Conversava um momento com o casal caboclo sobre assumptos insignificantes; depois, tranquilamente, vinha sentar-se á porta, ao pé do enorme tamarindeiro, sorvendo uma pitada. E começavam as praticas religiosas.

Maria escutava as explicações do catecismo, os olhos pregados na face do padre, n’essa fixidez conturbativa com que as donzellas innocentes encaram os homens.

Muito calmo, ia o vigario repetindo e commentando as phrases da Cartilha. Acompanhava-o a caboclinha, a meia voz, a seguir-lhe as palavras, n’uma grande concentração reveladora do ardente desejo de conquistar, com as boas graças do clerigo, os biscoitos que infallivelmente annunciavam o termo das prelecções. Depois, noite cerrada já, erguia-se Constancio, esvasiava o bolso da sotaina sobre a mesa do copiar e, com uma palavra amavel para cada qual, abençoava a rapariga e regressava ao povoado, aspirando novas pitadas. Dos dois lados do carreiro, grillos trillavam monotonamente e, por cima dos arbustos cheirosos, tremeluziam com irrequietas phosphorescencias os vagalumes.

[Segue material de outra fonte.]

(* Let $N\ge1$, let $(X_j)_{j\in\mathbb{N}}$ be an i.i.d. sequence of random vectors uniformly distributed on the unit sphere $S^{N-1}\subset\mathbb{R}^N$, and let $Z$ be a centered Gaussian random vector in $\mathbb{R}^N$ with covariance matrix $\frac1N I_N$ (the covariance of $X_1$). Then \[ \lim_{n\to\infty}\Big\|\sum_{j=1}^n \tfrac{1}{\sqrt n}X_j\Big\|_{\psi_2}=\|Z\|_{\psi_2}=\sqrt{\frac{2}{N}}\sqrt{\frac{1}{1-(1/2)^{2/N}}}. \]
   Context: For an $\mathbb{R}^N$-valued random vector $X$, $\|X\|_{\psi_2}=\inf\{c>0:\ \mathbb{E}\exp(\|X\|^2/c^2)\le 2\}$, where $\|\cdot\|$ is the Euclidean norm on $\mathbb{R}^N$. *)

theory Defs
  imports "HOL-Probability.Probability"
begin

definition psi2_norm :: "'a measure \<Rightarrow> ('a \<Rightarrow> 'b::real_normed_vector) \<Rightarrow> real" where
  "psi2_norm M X = Inf {c::real. c > 0 \<and>
      (\<integral>\<^sup>+ \<omega>. ennreal (exp ((norm (X \<omega>))\<^sup>2 / c\<^sup>2)) \<partial>M) \<le> 2}"

text \<open>Uniform (normalized surface / cone) measure on the unit sphere S^{N-1}:
  the push-forward of the uniform distribution on the punctured unit ball under x \<mapsto> x/|x|.\<close>
definition uniform_sphere :: "('a::euclidean_space) measure" where
  "uniform_sphere = distr (uniform_measure lborel (ball 0 1 - {0})) borel (\<lambda>x. x /\<^sub>R norm x)"

definition gauss_cov_inv_dim :: "'a::euclidean_space \<Rightarrow> real" where
  "gauss_cov_inv_dim x = (real DIM('a) / (2 * pi)) powr (real DIM('a) / 2)
      * exp (- real DIM('a) * (norm x)\<^sup>2 / 2)"

end

theory Submission
  imports Defs
begin

text \<open>Writing \<open>exp(\<bar>y\<bar>\<^sup>2/c\<^sup>2)\<close> as a Gaussian average of \<open>exp((2/c) y\<bullet>x)\<close> and using independence,
  the \<open>\<psi>\<^sub>2\<close>-integral \<open>E exp(\<bar>S\<^sub>n\<bar>\<^sup>2/c\<^sup>2)\<close> of the normalized sum becomes
  \<open>\<pi>^(-N/2) \<integral> exp(-\<bar>x\<bar>\<^sup>2) \<phi>(2x/(c\<surd>n))^n dx\<close>, where \<open>\<phi>\<close> is the moment generating function of
  the uniform distribution on the sphere. Decomposing the standard Gaussian into an independent radius
  and direction expresses the moments of \<open>\<phi>\<close> through Gaussian moments, and comparing Taylor series
  gives \<open>1 + \<bar>s\<bar>\<^sup>2/(2N) \<le> \<phi>(s) \<le> exp(\<bar>s\<bar>\<^sup>2/(2N))\<close>. Hence the integral is bounded by
  \<open>E exp(\<bar>Z\<bar>\<^sup>2/c\<^sup>2)\<close> for every \<open>n\<close> and converges to it by Fatou's lemma, so the \<open>\<psi>\<^sub>2\<close>-norms converge
  to that of \<open>Z\<close>, which is computed in closed form.\<close>

section \<open>Gaussian integrals\<close>

lemma nn_integral_lborel_scaleR:
  fixes f :: "'a::euclidean_space \<Rightarrow> ennreal"
  assumes [measurable]: "f \<in> borel_measurable borel" and c: "c \<noteq> 0"
  shows "(\<integral>\<^sup>+x. f x \<partial>lborel) = ennreal (\<bar>c\<bar> ^ DIM('a)) * (\<integral>\<^sup>+x. f (c *\<^sub>R x) \<partial>lborel)"
  by (subst lborel_affine[OF c, of 0])
     (simp add: nn_integral_density nn_integral_distr nn_integral_cmult)
(* Let the disorder distribution $\mathbb P$ be a translation-invariant product measure, let the finite-range defining potential $\Phi$ be translation-invariant, and let $K^{\bar\sigma}$ be a translation-invariant joint measure constructed with spin boundary condition $\bar\sigma$. Let $\sigma^0$ be a translation-invariant spin configuration and $\lambda=\mathbb P\otimes\delta_{\sigma^0}$ (the law of $(\sigma^0,\eta)$ with $\eta\sim\mathbb P$). Then $e^\lambda_{K^{\bar\sigma}}$ exists and $$e^\lambda_{K^{\bar\sigma}}=h(\mathbb P)+\sum_{A\ni0}\int\mathbb P(d\eta)\frac{\Phi_A(\sigma^0,\eta)}{|A|}+\int\mathbb P(d\eta)\lim_{n\to\infty}\frac1{|\Lambda_n|}\log Z^{\bar\sigma}_{\Lambda_n}[\eta].$$
   Context: Let $E,E'$ be finite sets; spins $\sigma\in E^{\mathbb Z^d}$, disorder $\eta\in(E')^{\mathbb Z^d}$, joint configurations $\xi=(\sigma,\eta)$. A defining potential $\Phi=(\Phi_A)_{A\text{ finite}}$ consists of real functions with $\Phi_A(\sigma,\eta)$ depending only on $(\sigma_A,\eta_A)$, finite range ($\Phi_A=0$ if $\operatorname{diam}A>r$), translation-invariant ($\Phi_{A+x}(\xi)=\Phi_A(\tau_x\xi)$, $(\tau_x\xi)(y)=\xi(x+y)$). Quenched finite-volume Gibbs measures: $\mu^{\bar\sigma}_\Lambda[\eta](B)=Z^{\bar\sigma}_\Lambda[\eta]^{-1}\sum_{\sigma_\Lambda}1_B(\sigma_\Lambda\bar\sigma_{\Lambda^c})\exp(-\sum_{A\cap\Lambda\neq\emptyset}\Phi_A(\sigma_\Lambda\bar\sigma_{\Lambda^c},\eta))$ with partition function $Z^{\bar\sigma}_\Lambda[\eta]$. A joint measure $K^{\bar\sigma}$ is a weak limit of $\mathbb P(d\eta)\mu^{\bar\sigma}_{\Lambda_N}[\eta](d\sigma)$ along some $\Lambda_N\uparrow\mathbb Z^d$. $\Lambda_n=[-n,n]^d\cap\mathbb Z^d$. For a probability measure $\nu$ and $\lambda$ on the joint space, $e^\lambda_\nu=-\lim_n|\Lambda_n|^{-1}\int\log\nu(\xi_{\Lambda_n})\,\lambda(d\xi)$ when the limit exists, where $\nu(\xi_\Lambda)=\nu(\{\xi':\xi'_\Lambda=\xi_\Lambda\})$. $h(\mathbb P)=-\lim_n|\Lambda_n|^{-1}\sum_{\eta_{\Lambda_n}}\mathbb P(\eta_{\Lambda_n})\log\mathbb P(\eta_{\Lambda_n})$ is the Kolmogorov–Sinai entropy. *)

theory Defs
  imports "HOL-Probability.Probability"
begin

Uma tarde, mezes depois, havia recolhido a procissão de Ramos. O adro da matriz regorgitava de gente endomingada. Toda a população seguira, ha pouco, o pallio venerando, cujas varas o juiz de direito, o presidente da

edilidade, o promotor e o delegado de policia empunhavam orgulhosamente.

Sabia-se já que rebentara na capital o movimento da cabanada. Canôas, tripuladas por valentes remadores, haviam trazido, com innumeros fugitivos, a nova da revolução tremenda. E os pormenores, exaggeradamente relatados pelos brancos, tinham demovido o vigario Constancio e as auctoridades a um redobramento de pompa nas festas da Semana Santa, — a ver se Deus fazia passar a villa immune do ataque dos cabanos.

A tarde caía em doce esvaimento, por traz da floresta. Deslisava tranquillo o rio, espelhando nuvens preguiçosas. Havia por toda a parte o tom suave das côres vespertinas, diluidas na fluidez das sombras incipientes. Apenas do outro lado, na margem opposta, um derradeiro raio do sol enrubescia o areial da praia, sobre o qual um bando de gaivotas revoava, crocitando. A villa em peso acudira á solennidade, attrahida pelo repique jovial dos sinos. Por entre as portas escancaradas vinham de junto do altar-mór adocicadas emanações de thuribulos; o fumo azulado do incenso evolava-se muito subtil para o alto, como a imagem das aspirações geraes. E as mulheres, lá dentro, oravam contrictas, duplicando as preces ao ceu, — que não viessem os cabanos trazer até acolá as infamias cuja narrativa era bastante para levantar-lhes os cabellos apavoradamente.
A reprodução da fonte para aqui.